Besteht irgendwie eine Möglichkeit den einzelne Stringteile und JPegs mit Java auf einer A4 Seite zu plazieren und zu formatieren, sodass ich nur noch die Aufgabe eingeben muss und als Ergebnis eine neue Datei (z.B. PDF) bekomme, die auch noch hübsch aussieht? Mit ner Textdatei funktioniert das wunderbar, aber das sieht halt sehr bescheiden aus 

Hat jemand ne Idee?


----------



## Wildcard (28. Dez 2006)

iText


----------



## André Uhres (28. Dez 2006)

Wenn's nicht unbedingt pdf sein muss, dann könntest du vielleicht auch einfach alles 
auf ein BufferedImage setzen. Das kannst du dann anzeigen und als Bilddatei (jpg) abspeichern.


----------



## TinyTim (28. Dez 2006)

iText hab ich gefudnen, aber irgendwie nicht kappiert. Hat jemand ein Beispiel?

Wie funktioniert das mit dem bufferedimage? Hast du ein codefragment, anhand dem ich sehen kann wie man auf ein bufferedimage schreibt (zeichnet) und wie ich es als jpg speichere?

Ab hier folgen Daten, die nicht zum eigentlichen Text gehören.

(* Let $P$ be a set of $n$ points in the plane in convex position, let $S$ be an optimal dominating set of $G(P)$, and let $\phi:\mathcal{A}\rightarrow S$ be an assignment (for some partition $\mathcal{A}$ of $P$) satisfying: (1) $\phi$ is line separable; (2) each center $p\in S$ is assigned at most two sublists, one of which contains $p$; (3) for any center $p_i$ that is assigned a second sublist $\beta_i$ (not containing $p_i$), there exist $p_t\in\beta_i$ and centers $q_1,q_2\in S$ with $q_1\in P(i,t)$, $q_2\in P(t,i)$, $p_t\notin D_{q_1}$, $p_t\notin D_{q_2}$. Then there exists a pair of centers $(p_i,p_j)$ in $S$ (a decoupling pair) such that: (a) each of $p_i$ and $p_j$ is assigned only one sublist; (b) for any center of $S$ that is assigned two sublists, one of them is contained in $P(i,j)$ and the other in $P(j,i)$.
   Context: $P$ is in convex position (every point is a hull vertex), no three points collinear, no four cocircular; $P$ is the cyclic list $\langle p_1,\dots,p_n\rangle$ counterclockwise along the hull. A sublist is a contiguous subsequence of the cyclic list. $P[i,j]$ is the sublist from $p_i$ counterclockwise to $p_j$ inclusive; $P(i,j)$ excludes $p_i,p_j$. $D_p$ is the closed unit disk centered at $p$. $G(P)$ has an edge between two points of $P$ iff their distance is at most $1$. A dominating set $S\subseteq P$: every point of $P$ is in $S$ or within distance $1$ of a point of $S$; its points are centers. Optimal dominating set: the points carry positive weights and $S$ is a dominating set of minimum total weight (unit weights give the minimum-cardinality case). A partition $\mathcal{A}$ of $P$ is a partition of the cyclic list into consecutive nonempty disjoint sublists. An assignment $\phi:\mathcal{A}\to S$ maps each sublist $\alpha$ to one center $p$ with $\alpha\subseteq D_p$; the group of $p$ is the set of points in sublists assigned to $p$. $\phi$ is line separable if for every two distinct centers some line has the points of one group on one side or on the line and those of the other group strictly on the other side. *)

theory Defs
  imports "HOL-Analysis.Analysis"
begin

text \<open>Points of the plane are vectors in real^2. The point set P is given by
  n and an indexing p 0, ..., p (n-1), counterclockwise along the convex hull.
  Sublists and sets of centers are represented by sets of indices in {..<n}.\<close>

definition orient :: "real^2 \<Rightarrow> real^2 \<Rightarrow> real^2 \<Rightarrow> real" where
  "orient a b c = (b$1 - a$1) * (c$2 - a$2) - (b$2 - a$2) * (c$1 - a$1)"

definition convex_ccw :: "nat \<Rightarrow> (nat \<Rightarrow> real^2) \<Rightarrow> bool" where
  "convex_ccw n p \<longleftrightarrow>
     inj_on p {..<n} \<and>
     (\<forall>i<n. p i \<notin> convex hull (p ` ({..<n} - {i}))) \<and>
     (\<forall>i<n. \<forall>j<n. \<forall>k<n. i \<noteq> j \<and> j \<noteq> k \<and> i \<noteq> k \<longrightarrow> orient (p i) (p j) (p k) \<noteq> 0) \<and>
     (\<forall>i<n. \<forall>j<n. \<forall>k<n. \<forall>l<n. distinct [i, j, k, l] \<longrightarrow>
        \<not> (\<exists>c r. dist (p i) c = r \<and> dist (p j) c = r \<and> dist (p k) c = r \<and> dist (p l) c = r)) \<and>
     (\<forall>i<n. \<forall>k<n. k \<noteq> i \<and> k \<noteq> (i + 1) mod n \<longrightarrow>
        orient (p i) (p ((i + 1) mod n)) (p k) > 0)"

text \<open>P[i,j]: indices from i counterclockwise to j, inclusive.\<close>
definition cyc_closed :: "nat \<Rightarrow> nat \<Rightarrow> nat \<Rightarrow> nat set" where
  "cyc_closed n i j = {(i + m) mod n | m. m \<le> (j + n - i) mod n}"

Wie funktioniert das dann mit der Auflösung... also, wenn ich es z. B. in A4 mit 150dpi drucken möchte, welche Größe müsste das Image dann haben?


----------



## Oni (28. Dez 2006)

itext hat eigentlich ganz gute tutorial auf der seite.
du findest immer einen beispiel code und dann noch eine pdf-datei wie das ergebnis aussieht.

itext tutorial

guck dir einfach mal das helloworld an, sind ja nur ein paar zeilen code.


----------



## André Uhres (28. Dez 2006)

TinyTim hat gesagt.:
			
		

> ..Wie funktioniert das mit dem bufferedimage? Hast du ein codefragment, anhand dem ich sehen kann wie man auf ein bufferedimage schreibt (zeichnet) und wie ich es als jpg speichere?
> 
> Wie funktioniert das dann mit der Auflösung... also, wenn ich es z. B. in A4 mit 150dpi drucken möchte, welche Größe müsste das Image dann haben?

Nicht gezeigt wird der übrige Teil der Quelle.